(* Let $g:\mathbb{R}\to\mathbb{R}$ with $g(0)=0$ satisfy: (C1) $|g(x)|\le c+d|x|$ for all $x$, for some constants $c,d\ge0$; (C2) $g(x)<0$ for $x<0$ and $g(x)>0$ for $x>0$; (C3) $\inf_{\delta_1\le|x|\le\delta_2}|g(x)|>0$ for every $0<\delta_1<\delta_2<\infty$. Let $\{\mathcal{F}_n\}_{n\ge0}$ be a filtration, $X_0$ an integrable $\mathcal{F}_0$-measurable random variable, and $X_n=X_{n-1}-\alpha_nU_n$, $n\ge1$, where each $U_n$ is integrable and $\mathcal{F}_n$-measurable, and the constants $\alpha_n$ satisfy $\alpha_n\ge0$, $\alpha_n\to0$, $\sum_n\alpha_n=\infty$. Assume $E[U_n\mid\mathcal{F}_{n-1}]=g(X_{n-1})$ a.e. for $n\ge1$, and that the series $\sum_{i\ge1}\alpha_i\{U_i-E[U_i\mid\mathcal{F}_{i-1}]\}$ converges a.e. Then $X_n\to0$ a.e. *)

theory Defs
  imports "HOL-Probability.Probability"
begin

end

theory Submission
  imports Defs
begin

text \<open>Subtracting the tail sums of the convergent noise series turns the recursion, path by path,
into the deterministic iteration \<open>y\<^sub>n\<^sub>+\<^sub>1 = y\<^sub>n - \<alpha>\<^sub>n g(y\<^sub>n + s\<^sub>n)\<close> with perturbations \<open>s\<^sub>n \<rightarrow> 0\<close>.
Once \<open>\<alpha>\<^sub>n\<close> and \<open>s\<^sub>n\<close> are small, the sign and linear growth conditions make \<open>|y\<^sub>n|\<close> unable to
exceed \<open>max |y\<^sub>n| 2\<eta>\<close> after a step, and above \<open>2\<eta>\<close> every step decreases \<open>|y\<^sub>n|\<close> by \<open>\<alpha>\<^sub>n\<close> times a
positive lower bound of \<open>|g|\<close> on an annulus. Since \<open>\<Sum> \<alpha>\<^sub>n = \<infinity>\<close>, \<open>|y\<^sub>n|\<close> must eventually drop
below \<open>2\<eta>\<close>, and then it stays there.\<close>

lemma le_max_from_step:
  fixes a :: "nat \<Rightarrow> 'b::linorder"
  assumes step_le: "\<And>n. N \<le> n \<Longrightarrow> a (Suc n) \<le> max (a n) r" and "N \<le> m" "m \<le> n"
  shows "a n \<le> max (a m) r"
  using \<open>m \<le> n\<close>
proof (induction n rule: dec_induct)
  case (step n)
  then show ?case using step_le[of n] \<open>N \<le> m\<close> by (auto simp: max_def split: if_splits)
qed simp

lemma summable_if_nonneg_descent:
  fixes a b :: "nat \<Rightarrow> real"
  assumes descent: "\<And>n. N \<le> n \<Longrightarrow> a (Suc n) + \<mu> * b n \<le> a n"
    and a_nonneg: "\<And>n. 0 \<le> a n" and "0 < \<mu>" and b_nonneg: "\<And>n. 0 \<le> b n"
  shows "summable b"
proof -
  have partial: "a (N + k) + \<mu> * (\<Sum>i<k. b (i + N)) \<le> a N" for k
  proof (induction k)
    case (Suc k)
    then show ?case using descent[of "N + k"] by (simp add: algebra_simps)
  qed simp
  have "(\<Sum>i<k. b (i + N)) \<le> a N / \<mu>" for k
    using partial[of k] a_nonneg[of "N + k"] \<open>0 < \<mu>\<close> by (simp add: field_simps)
  then have "summable (\<lambda>i. b (i + N))"
    using b_nonneg by (intro summableI_nonneg_bounded) auto
  then show ?thesis by (rule summable_iff_shift[THEN iffD1])
qed

lemma descent_step_pos:
  fixes g :: "real \<Rightarrow> real"
  assumes growth: "\<And>z. \<bar>g z\<bar> \<le> c + d * \<bar>z\<bar>" and "0 \<le> d"
    and pos: "\<And>z. 0 < z \<Longrightarrow> 0 < g z"
    and "\<bar>s\<bar> < \<eta>" "0 \<le> b" "b * d \<le> 1" "b * (c + 2 * d * \<eta>) \<le> \<eta>" "\<eta> < x"
  shows "0 < g (x + s)" and "- \<eta> \<le> x - b * g (x + s)" and "x - b * g (x + s) \<le> x"
proof -
  have "0 < x + s" using assms by auto
  then have g_pos: "0 < g (x + s)" by (rule pos)
  have "g (x + s) \<le> c + d * (x + s)"
    using growth[of "x + s"] \<open>0 < x + s\<close> by simp
  also have "\<dots> \<le> c + d * x + d * \<eta>"
    using mult_left_mono[of s \<eta> d] assms by (simp add: algebra_simps)
  finally have "g (x + s) \<le> c + d * x + d * \<eta>" .
  then have "b * g (x + s) \<le> b * d * x + b * (c + d * \<eta>)"
    using mult_left_mono[OF _ \<open>0 \<le> b\<close>] by (fastforce simp: algebra_simps)
  moreover have "b * d * x \<le> x" using assms by (simp add: mult_left_le_one_le)
  moreover have "b * (c + d * \<eta>) \<le> \<eta>"
  proof -
    have "0 < \<eta>" using \<open>\<bar>s\<bar> < \<eta>\<close> by linarith
    then have "0 \<le> b * d * \<eta>" using \<open>0 \<le> b\<close> \<open>0 \<le> d\<close> by simp
    then show ?thesis using \<open>b * (c + 2 * d * \<eta>) \<le> \<eta>\<close> by (simp add: algebra_simps)
  qed
  ultimately show "- \<eta> \<le> x - b * g (x + s)" by linarith
  show "0 < g (x + s)" "x - b * g (x + s) \<le> x" using g_pos \<open>0 \<le> b\<close> by simp_all
qed

locale centered_drift =
  fixes g :: "real \<Rightarrow> real" and c d :: real
  assumes d_nonneg: "0 \<le> d"
    and growth: "\<And>x. \<bar>g x\<bar> \<le> c + d * \<bar>x\<bar>"
    and sign: "\<forall>x. (x < 0 \<longrightarrow> g x < 0) \<and> (x > 0 \<longrightarrow> g x > 0)"
    and annulus: "\<forall>\<delta>1 \<delta>2. 0 < \<delta>1 \<longrightarrow> \<delta>1 < \<delta>2 \<longrightarrow>
               (INF x\<in>{x. \<delta>1 \<le> \<bar>x\<bar> \<and> \<bar>x\<bar> \<le> \<delta>2}. \<bar>g x\<bar>) > 0"
begin

lemma annulus_lower_bound:
  assumes "0 < \<delta>1" "\<delta>1 < \<delta>2"
  obtains \<mu> where "0 < \<mu>" "\<And>x. \<delta>1 \<le> \<bar>x\<bar> \<Longrightarrow> \<bar>x\<bar> \<le> \<delta>2 \<Longrightarrow> \<mu> \<le> \<bar>g x\<bar>"
proof
  let ?A = "{x. \<delta>1 \<le> \<bar>x\<bar> \<and> \<bar>x\<bar> \<le> \<delta>2}"
  show "0 < (INF x\<in>?A. \<bar>g x\<bar>)" using annulus assms by blast
  show "(INF x\<in>?A. \<bar>g x\<bar>) \<le> \<bar>g x\<bar>" if "\<delta>1 \<le> \<bar>x\<bar>" "\<bar>x\<bar> \<le> \<delta>2" for x
    using that by (intro cINF_lower) (auto intro!: bdd_belowI[where m = 0])
qed

lemma descent_step:
  assumes "\<bar>s\<bar> < \<eta>" "0 \<le> b" "b * d \<le> 1" "b * (c + 2 * d * \<eta>) \<le> \<eta>"
  shows "\<bar>x - b * g (x + s)\<bar> \<le> max \<bar>x\<bar> (2 * \<eta>)"
    and "2 * \<eta> < \<bar>x - b * g (x + s)\<bar> \<Longrightarrow> \<bar>x - b * g (x + s)\<bar> = \<bar>x\<bar> - b * \<bar>g (x + s)\<bar>"
proof -
  let ?x' = "x - b * g (x + s)"
  have large: "\<bar>?x'\<bar> \<le> \<eta> \<or> \<bar>?x'\<bar> = \<bar>x\<bar> - b * \<bar>g (x + s)\<bar>" if "\<eta> < \<bar>x\<bar>"
  proof (cases "0 < x")
    case True
    have "0 < g (x + s)" "- \<eta> \<le> ?x'" "?x' \<le> x"
      using descent_step_pos[OF growth d_nonneg _ assms, of x] sign that True by auto
    then show ?thesis using True by (cases "0 \<le> ?x'") auto
  next
    case False
    \<comment> \<open>reflect: \<open>z \<mapsto> -g (-z)\<close> satisfies the same growth and sign conditions\<close>
    have growth': "\<bar>- g (- z)\<bar> \<le> c + d * \<bar>z\<bar>" for z using growth[of "- z"] by simp
    have pos': "0 < - g (- z)" if "0 < z" for z using sign that by simp
    have "\<bar>- s\<bar> < \<eta>" "\<eta> < - x" using assms(1) that False by auto
    from descent_step_pos[OF growth' d_nonneg pos' this(1) assms(2-4) this(2)]
    have "g (x + s) < 0" "- \<eta> \<le> - ?x'" "- ?x' \<le> - x" by (simp_all add: algebra_simps)
    then show ?thesis using False by (cases "?x' \<le> 0") auto
  qed
  have small: "\<bar>?x'\<bar> \<le> 2 * \<eta>" if "\<bar>x\<bar> \<le> \<eta>"
  proof -
    have "\<bar>g (x + s)\<bar> \<le> c + d * \<bar>x + s\<bar>" by (rule growth)
    also have "\<dots> \<le> c + d * (2 * \<eta>)"
      using that assms(1) d_nonneg abs_triangle_ineq[of x s] by (intro add_left_mono mult_left_mono) auto
    finally have "b * \<bar>g (x + s)\<bar> \<le> b * (c + 2 * d * \<eta>)"
      using \<open>0 \<le> b\<close> by (simp add: mult_left_mono)
    then have "\<bar>b * g (x + s)\<bar> \<le> \<eta>" using assms(2,4) by (simp add: abs_mult)
    then show ?thesis using that abs_triangle_ineq4[of x "b * g (x + s)"] by linarith
  qed
  show "\<bar>?x'\<bar> \<le> max \<bar>x\<bar> (2 * \<eta>)"
  proof (cases "\<eta> < \<bar>x\<bar>")
    case True
    have "0 \<le> b * \<bar>g (x + s)\<bar>" using \<open>0 \<le> b\<close> by simp
    then show ?thesis using large[OF True] True by linarith
  qed (use small in auto)
  show "\<bar>?x'\<bar> = \<bar>x\<bar> - b * \<bar>g (x + s)\<bar>" if "2 * \<eta> < \<bar>?x'\<bar>"
  proof -
    have "\<eta> < \<bar>x\<bar>" using small that by force
    then show ?thesis using large that by force
  qed
qed

lemma perturbed_descent_eventually_small:
  fixes y s b :: "nat \<Rightarrow> real"
  assumes rec: "\<And>n. y (Suc n) = y n - b n * g (y n + s n)"
    and "s \<longlonglongrightarrow> 0" "b \<longlonglongrightarrow> 0" and b_nonneg: "\<And>n. 0 \<le> b n" and b_div: "\<not> summable b"
    and "0 < \<eta>"
  shows "\<forall>\<^sub>F n in sequentially. \<bar>y n\<bar> \<le> 2 * \<eta>"
proof -
  have "\<forall>\<^sub>F n in sequentially. \<bar>s n\<bar> < \<eta>"
    using \<open>s \<longlonglongrightarrow> 0\<close> \<open>0 < \<eta>\<close> by (auto simp: tendsto_iff dist_real_def)
  moreover have "\<forall>\<^sub>F n in sequentially. b n * d < 1" "\<forall>\<^sub>F n in sequentially. b n * (c + 2 * d * \<eta>) < \<eta>"
    using \<open>b \<longlonglongrightarrow> 0\<close> \<open>0 < \<eta>\<close>
    by (auto intro!: order_tendstoD(2) tendsto_mult_left_zero)
  ultimately obtain N where N: "\<And>n. N \<le> n \<Longrightarrow>
      \<bar>s n\<bar> < \<eta> \<and> b n * d \<le> 1 \<and> b n * (c + 2 * d * \<eta>) \<le> \<eta>"
    unfolding eventually_sequentially by (metis (no_types) le_max_iff_disj less_le_not_le nle_le)
  have step_max: "\<bar>y (Suc n)\<bar> \<le> max \<bar>y n\<bar> (2 * \<eta>)" if "N \<le> n" for n
    using descent_step(1)[of "s n" \<eta> "b n" "y n"] N[OF that] b_nonneg[of n] by (simp add: rec)
  have step_descent: "\<bar>y (Suc n)\<bar> = \<bar>y n\<bar> - b n * \<bar>g (y n + s n)\<bar>"
    if "N \<le> n" "2 * \<eta> < \<bar>y (Suc n)\<bar>" for n
    using descent_step(2)[of "s n" \<eta> "b n" "y n"] N[OF that(1)] b_nonneg[of n] that(2) by (simp add: rec)
  have "\<exists>m\<ge>N. \<bar>y m\<bar> \<le> 2 * \<eta>"
  proof (rule ccontr)
    assume "\<not> ?thesis"
    then have big: "2 * \<eta> < \<bar>y n\<bar>" if "N \<le> n" for n using that by force
    define B where "B = max \<bar>y N\<bar> (2 * \<eta>)"
    have "\<eta> < B + \<eta>" using \<open>0 < \<eta>\<close> by (simp add: B_def)
    then obtain \<mu> where "0 < \<mu>" and \<mu>: "\<And>x. \<eta> \<le> \<bar>x\<bar> \<Longrightarrow> \<bar>x\<bar> \<le> B + \<eta> \<Longrightarrow> \<mu> \<le> \<bar>g x\<bar>"
      using annulus_lower_bound \<open>0 < \<eta>\<close> by blast
    have "\<bar>y (Suc n)\<bar> + \<mu> * b n \<le> \<bar>y n\<bar>" if "N \<le> n" for n
    proof -
      have "\<bar>y n\<bar> \<le> B"
        unfolding B_def by (rule le_max_from_step[where a = "\<lambda>n. \<bar>y n\<bar>", OF step_max order_refl that])
      then have "\<mu> \<le> \<bar>g (y n + s n)\<bar>" using \<mu> N[OF that] big[OF that] by (intro \<mu>) auto
      then show ?thesis
        using step_descent[OF that big[of "Suc n"]] that mult_left_mono[OF _ b_nonneg[of n]]
        by (fastforce simp: mult.commute)
    qed
    then have "summable b" by (rule summable_if_nonneg_descent[OF _ abs_ge_zero \<open>0 < \<mu>\<close> b_nonneg])
    then show False using b_div by contradiction
  qed
  then obtain m where "N \<le> m" "\<bar>y m\<bar> \<le> 2 * \<eta>" by blast
  then have "\<bar>y n\<bar> \<le> 2 * \<eta>" if "m \<le> n" for n
    using le_max_from_step[where a = "\<lambda>n. \<bar>y n\<bar>", OF step_max \<open>N \<le> m\<close> that] by simp
  then show ?thesis unfolding eventually_sequentially by blast
qed

lemma perturbed_descent_tendsto_zero:
  fixes y s b :: "nat \<Rightarrow> real"
  assumes "\<And>n. y (Suc n) = y n - b n * g (y n + s n)"
    and "s \<longlonglongrightarrow> 0" "b \<longlonglongrightarrow> 0" "\<And>n. 0 \<le> b n" "\<not> summable b"
  shows "y \<longlonglongrightarrow> 0"
proof (rule tendstoI)
  fix r :: real assume "0 < r"
  then have "\<forall>\<^sub>F n in sequentially. \<bar>y n\<bar> \<le> 2 * (r / 4)"
    using assms by (intro perturbed_descent_eventually_small) auto
  then show "\<forall>\<^sub>F n in sequentially. dist (y n) 0 < r"
    by eventually_elim (use \<open>0 < r\<close> in auto)
qed

lemma robbins_monro_summable_noise:
  fixes x e b :: "nat \<Rightarrow> real"
  assumes rec: "\<And>n. x (Suc n) = x n - b n * g (x n) - e n" and "summable e"
    and "b \<longlonglongrightarrow> 0" "\<And>n. 0 \<le> b n" "\<not> summable b"
  shows "x \<longlonglongrightarrow> 0"
proof -
  define R where "R n = (\<Sum>i. e (i + n))" for n
  have R_lim: "R \<longlonglongrightarrow> 0" unfolding R_def by (rule suminf_exist_split2[OF \<open>summable e\<close>])
  have R_split: "R n = e n + R (Suc n)" for n
    using suminf_split_head[of "\<lambda>i. e (i + n)"] \<open>summable e\<close> by (simp add: R_def)
  have "x (Suc n) - R (Suc n) = (x n - R n) - b n * g ((x n - R n) + R n)" for n
    using rec[of n] R_split[of n] by simp
  then have "(\<lambda>n. x n - R n) \<longlonglongrightarrow> 0"
    using R_lim assms(3-5) by (rule perturbed_descent_tendsto_zero)
  then have "(\<lambda>n. (x n - R n) + R n) \<longlonglongrightarrow> 0 + 0" using R_lim by (rule tendsto_add)
  then show ?thesis by simp
qed

end

theorem mainTheorem5:
  fixes M :: "'a measure" and F :: "nat \<Rightarrow> 'a measure"
    and g :: "real \<Rightarrow> real" and X U :: "nat \<Rightarrow> 'a \<Rightarrow> real" and \<alpha> :: "nat \<Rightarrow> real"
  assumes "prob_space M"
    and g0: "g 0 = 0"
    and C1: "\<exists>c d. c \<ge> 0 \<and> d \<ge> 0 \<and> (\<forall>x. \<bar>g x\<bar> \<le> c + d * \<bar>x\<bar>)"
    and C2: "\<forall>x. (x < 0 \<longrightarrow> g x < 0) \<and> (x > 0 \<longrightarrow> g x > 0)"
    and C3: "\<forall>\<delta>1 \<delta>2. 0 < \<delta>1 \<longrightarrow> \<delta>1 < \<delta>2 \<longrightarrow>
               (INF x\<in>{x. \<delta>1 \<le> \<bar>x\<bar> \<and> \<bar>x\<bar> \<le> \<delta>2}. \<bar>g x\<bar>) > 0"
    and filt: "filtration (space M) F"
    and sub: "\<forall>n. subalgebra M (F n)"
    and X0_meas: "X 0 \<in> borel_measurable (F 0)"
    and X0_int: "integrable M (X 0)"
    and X_rec: "\<forall>n \<omega>. X (Suc n) \<omega> = X n \<omega> - \<alpha> (Suc n) * U (Suc n) \<omega>"
    and U_meas: "\<forall>n. U (Suc n) \<in> borel_measurable (F (Suc n))"
    and U_int: "\<forall>n. integrable M (U (Suc n))"
    and \<alpha>_nonneg: "\<forall>n. \<alpha> (Suc n) \<ge> 0"
    and \<alpha>_lim: "(\<lambda>n. \<alpha> (Suc n)) \<longlonglongrightarrow> 0"
    and \<alpha>_div: "\<not> summable (\<lambda>n. \<alpha> (Suc n))"
    and cond: "\<forall>n. AE \<omega> in M. real_cond_exp M (F n) (U (Suc n)) \<omega> = g (X n \<omega>)"
    and noise: "AE \<omega> in M. summable (\<lambda>i. \<alpha> (Suc i) *
                 (U (Suc i) \<omega> - real_cond_exp M (F i) (U (Suc i)) \<omega>))"
  shows "AE \<omega> in M. (\<lambda>n. X n \<omega>) \<longlonglongrightarrow> 0"
proof -
  obtain c d where "0 \<le> d" "\<And>x. \<bar>g x\<bar> \<le> c + d * \<bar>x\<bar>" using C1 by blast
  with C2 C3 interpret centered_drift g c d by unfold_locales
  have "AE \<omega> in M. \<forall>n. real_cond_exp M (F n) (U (Suc n)) \<omega> = g (X n \<omega>)"
    using cond by (simp add: AE_all_countable)
  with noise show ?thesis
  proof eventually_elim
    case (elim \<omega>)
    have "X (Suc n) \<omega> = X n \<omega> - \<alpha> (Suc n) * g (X n \<omega>)
        - \<alpha> (Suc n) * (U (Suc n) \<omega> - real_cond_exp M (F n) (U (Suc n)) \<omega>)" for n
      using X_rec elim(2) by (simp add: algebra_simps)
    from robbins_monro_summable_noise[OF this elim(1) \<alpha>_lim] \<alpha>_nonneg \<alpha>_div
    show ?case by simp
  qed
qed

end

Exercise directions » Proceeding from the line containing "False by auto" through the line containing "using \<open>s \<longlonglongrightarrow>", transcribe the lines above exactly, both end lines included.

Answer section »
    have "\<bar>- s\<bar> < \<eta>" "\<eta> < - x" using assms(1) that False by auto
    from descent_step_pos[OF growth' d_nonneg pos' this(1) assms(2-4) this(2)]
    have "g (x + s) < 0" "- \<eta> \<le> - ?x'" "- ?x' \<le> - x" by (simp_all add: algebra_simps)
    then show ?thesis using False by (cases "?x' \<le> 0") auto
  qed
  have small: "\<bar>?x'\<bar> \<le> 2 * \<eta>" if "\<bar>x\<bar> \<le> \<eta>"
  proof -
    have "\<bar>g (x + s)\<bar> \<le> c + d * \<bar>x + s\<bar>" by (rule growth)
    also have "\<dots> \<le> c + d * (2 * \<eta>)"
      using that assms(1) d_nonneg abs_triangle_ineq[of x s] by (intro add_left_mono mult_left_mono) auto
    finally have "b * \<bar>g (x + s)\<bar> \<le> b * (c + 2 * d * \<eta>)"
      using \<open>0 \<le> b\<close> by (simp add: mult_left_mono)
    then have "\<bar>b * g (x + s)\<bar> \<le> \<eta>" using assms(2,4) by (simp add: abs_mult)
    then show ?thesis using that abs_triangle_ineq4[of x "b * g (x + s)"] by linarith
  qed
  show "\<bar>?x'\<bar> \<le> max \<bar>x\<bar> (2 * \<eta>)"
  proof (cases "\<eta> < \<bar>x\<bar>")
    case True
    have "0 \<le> b * \<bar>g (x + s)\<bar>" using \<open>0 \<le> b\<close> by simp
    then show ?thesis using large[OF True] True by linarith
  qed (use small in auto)
  show "\<bar>?x'\<bar> = \<bar>x\<bar> - b * \<bar>g (x + s)\<bar>" if "2 * \<eta> < \<bar>?x'\<bar>"
  proof -
    have "\<eta> < \<bar>x\<bar>" using small that by force
    then show ?thesis using large that by force
  qed
qed

lemma perturbed_descent_eventually_small:
  fixes y s b :: "nat \<Rightarrow> real"
  assumes rec: "\<And>n. y (Suc n) = y n - b n * g (y n + s n)"
    and "s \<longlonglongrightarrow> 0" "b \<longlonglongrightarrow> 0" and b_nonneg: "\<And>n. 0 \<le> b n" and b_div: "\<not> summable b"
    and "0 < \<eta>"
  shows "\<forall>\<^sub>F n in sequentially. \<bar>y n\<bar> \<le> 2 * \<eta>"
proof -
  have "\<forall>\<^sub>F n in sequentially. \<bar>s n\<bar> < \<eta>"
    using \<open>s \<longlonglongrightarrow> 0\<close> \<open>0 < \<eta>\<close> by (auto simp: tendsto_iff dist_real_def)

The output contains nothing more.